Book 3: The Joy Luck Club
By Amy Tan
Amy Tan examines the tender yet sometimes painful relationship between daughters and their mothers. Written with sensitivity and humour, The Joy Luck Club reveals the secrets of four Chinese mothers and the complexity of the lives they have lived in their motherland. Their experiences would later intertwine with that of their daughters. Amy Tan is one of our favourites because she is an astute storyteller and she proved in The Joy Luck Club that exploring cultural conflicts through the eyes of immigrant mothers can be both magical and educational. Pairing this beautiful story with our sweet white wine De La Bodega is a good idea because in every mother-daughter story, no matter how painful or different it is, there will always be sweetness.
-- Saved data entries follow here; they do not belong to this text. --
lemma lookup_push_keys:
  assumes "finite A" "Poly_Mapping.keys v \<subseteq> A"
  shows "Poly_Mapping.lookup (push_keys g v) k = (\<Sum>m\<in>A. if g m = k then Poly_Mapping.lookup v m else 0)"
  by (simp add: push_keys_eq_sum[OF assms] lookup_sum lookup_single when_def)

lemma push_keys_zero [simp]: "push_keys g 0 = 0"
  by (simp add: push_keys_def)

lemma push_keys_single [simp]: "push_keys g (Poly_Mapping.single a c) = Poly_Mapping.single (g a) c"
  by (simp add: push_keys_def)

lemma push_keys_add: "push_keys g (v + w) = push_keys g v + push_keys g w"
proof -
  let ?A = "Poly_Mapping.keys v \<union> Poly_Mapping.keys w"
  have "push_keys g (v + w) = (\<Sum>m\<in>?A. Poly_Mapping.single (g m) (Poly_Mapping.lookup (v + w) m))"
    by (rule push_keys_eq_sum) (simp_all add: keys_add)
  also have "\<dots> = push_keys g v + push_keys g w"
    by (simp add: push_keys_eq_sum[of ?A] lookup_add single_add sum.distrib)
  finally show ?thesis .
qed

lemma push_keys_sum: "push_keys g (sum F I) = (\<Sum>i\<in>I. push_keys g (F i))"
  by (induction I rule: infinite_finite_induct) (auto simp: push_keys_add)

lemma lookup_map_mult [simp]:
  "Poly_Mapping.lookup (Poly_Mapping.map ((*) (c::'c::mult_zero)) v) k = c * Poly_Mapping.lookup v k"
  by (simp add: map.rep_eq when_def)

lemma map_mult_zero [simp]: "Poly_Mapping.map ((*) (0::'c::mult_zero)) v = 0"
  by (rule poly_mapping_eqI) simp
(* Let $a\neq\pm1$ be a square-free integer and let $F$ be a finite Galois extension of $\mathbb{Q}$. Then there exists an integer $N$ such that whenever $a$ is an $m$th power in the compositum $F\cdot\mathbb{Q}^{\mathrm{ab}}$ (for a positive integer $m$), $m$ divides $N$.
   Context: $\mathbb{Q}^{\mathrm{ab}}$ denotes the maximal abelian extension of $\mathbb{Q}$ in a fixed algebraic closure containing $F$. *)

theory Defs
  imports Complex_Main "HOL-Computational_Algebra.Computational_Algebra"
begin

text \<open>We work inside the algebraically closed field of complex numbers, which contains
  a fixed algebraic closure of the rationals. All fields below are subfields of this.\<close>

definition subfield_C :: "complex set \<Rightarrow> bool" where
  "subfield_C K \<longleftrightarrow> 0 \<in> K \<and> 1 \<in> K \<and>
     (\<forall>x\<in>K. \<forall>y\<in>K. x + y \<in> K \<and> x - y \<in> K \<and> x * y \<in> K) \<and>
     (\<forall>x\<in>K. x \<noteq> 0 \<longrightarrow> inverse x \<in> K)"

definition finite_over_Q :: "complex set \<Rightarrow> bool" where
  "finite_over_Q K \<longleftrightarrow> (\<exists>B. finite B \<and> B \<subseteq> K \<and>
     K = {\<Sum>b\<in>B. of_rat (c b) * b | c :: complex \<Rightarrow> rat. True})"
lemma lipschitz_in_mean_indicator_crossing:
  fixes f :: "real \<Rightarrow> real" and I :: "real^'d \<Rightarrow> real set"
  assumes Y: "distributed M lborel Y (\<lambda>t. ennreal (f t))" and f: "bounded (range f)"
    and I: "admissible_interval I"
  shows "lipschitz_in_mean M (\<lambda>\<theta> \<theta>'. indicator (crossing M Y I \<theta> \<theta>'))"
proof -
  obtain B where B: "\<And>t. \<bar>f t\<bar> \<le> B"
    using f unfolding bounded_iff by auto
  then have fB: "\<And>t. f t \<le> B" and "0 \<le> B"
    using abs_le_D1 abs_ge_zero order_trans by blast+
  obtain C where "C \<ge> 0"
    and C: "\<And>\<theta> \<theta>'. emeasure lborel (sym_diff (I \<theta>) (I \<theta>')) \<le> ennreal (C * dist \<theta> \<theta>')"
    using admissible_interval_symdiff_le[OF I] by blast
  have "(\<integral>\<^sup>+\<omega>. ennreal (indicator (crossing M Y I \<theta> \<theta>') \<omega>) \<partial>M) \<le> ennreal (B * C * dist \<theta> \<theta>')" for \<theta> \<theta>'
  proof -
    let ?S = "sym_diff (I \<theta>) (I \<theta>')"
    have "crossing M Y I \<theta> \<theta>' \<in> sets M"
      using distributed_measurable[OF Y] I by (intro sets_crossing) simp_all
    then have "(\<integral>\<^sup>+\<omega>. ennreal (indicator (crossing M Y I \<theta> \<theta>') \<omega>) \<partial>M) = emeasure M (crossing M Y I \<theta> \<theta>')"
      by (simp add: ennreal_indicator nn_integral_indicator)
    also have "\<dots> = emeasure M (Y -` ?S \<inter> space M)"
      unfolding crossing_def by (intro arg_cong[where f = "emeasure M"]) auto
    also have "\<dots> \<le> ennreal B * emeasure lborel ?S"
      using admissible_interval_open[OF I]
      by (intro emeasure_distributed_le_density_bound[OF Y fB]) auto
    also have "\<dots> \<le> ennreal B * ennreal (C * dist \<theta> \<theta>')"
      by (intro mult_left_mono C) simp
    finally show ?thesis
      using \<open>0 \<le> B\<close> by (simp add: ennreal_mult' mult.assoc)
  qed
  with \<open>0 \<le> B\<close> \<open>0 \<le> C\<close> show ?thesis unfolding lipschitz_in_mean_def
    by (meson mult_nonneg_nonneg)
qed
Book 4: One Hundred Years of Solitude
By Gabriel Garcia Marquez
Written by Colombian author Gabriel Garcia Marquez, One Hundred Years of Solitude tackles a multi-generational story about the Buendia family, their village, and the centrifugal forces of modernisation and unfortunate events. It all starts with an isolated village that is free from the problems of the world until it opens its doors to its neighbours. Garcia Marquez’s book ends the way it began – the village where the Buendia family is from is isolated once again but this time, after all the tragedy that it has seen, there is nostalgia for the good old days. You would need a bottle of Basidina to go with the acerbity of this story.
Book 5: 1984
By George Orwell
George Orwell’s 1984 is a nightmarish vision of how the world will operate in the future. The fact that it mirrors how the world operates now makes it more relevant than ever. The power of this novel does not lie on how Big Brother broke the protagonist but on the hope that we can draw from it despite its tragic ending. Pair this with a glass of Basi Puro to match the dose of reality that you will get from 1984.
Book 6: A Grain of Wheat
By Ngugi wa Thiong’o
Ngugi wa Thiong’o’s A Grain of Wheat is about Kenya’s struggle for freedom and the stories of ordinary folks whose personal troubles are interlaced with their aim to defend their land. Of all of these heroic stories, the one that dominates is that of Mugo and as he unravels, the novel unravels its layers, too. Explore the inner workings of the Kenyan psyche in this book with a glass of Ambaristo because there is nothing as sweet as freedom.
Book 7: Memnoch the Devil
By Anne Rice
Rice stuns her audience once again as her favourite protagonist embarks on a journey that inspires sympathy for the devil himself. The devil calls upon the vampire Lestat in Memnoch the Devil which leads the vampire and the reader to the depths of hell. The author tackles religion and faith while exploring a role reversal between good and evil. This entertaining read goes well with a glass or maybe even a bottle of Basi Maria. Our elegant red wine will leave a bittersweet note that matches this Anne Rice novel.
Book 8: The Little Prince
By Antoine de Saint Exupery
Who doesn’t love Le Petit Prince and the life quotes he conjures while planet and asteroid hopping? In these trying times, we will likely benefit from revisiting this literary classic. One of our favourite quotes from the book is: “What makes the desert beautiful,’ said the little prince, ‘is that somewhere it hides a well…” You can drink our wine Virginia Blush while reading this book as it is meant for celebrations big and small. This includes little a-ha moments that you will likely experience with The Little Prince.
Book 9: My Sister, the Serial Killer
By Oyinkan Braithwaite
My Sister, the Serial Killer gives off a thriller vibe but it is laced with dark comedy that you won’t tire of. Set in Lagos, Nigeria, the novel is an exciting, punchy story that tackles murder, boyfriends, and lots of cleaning. Drink this with a glass of De La Bodega.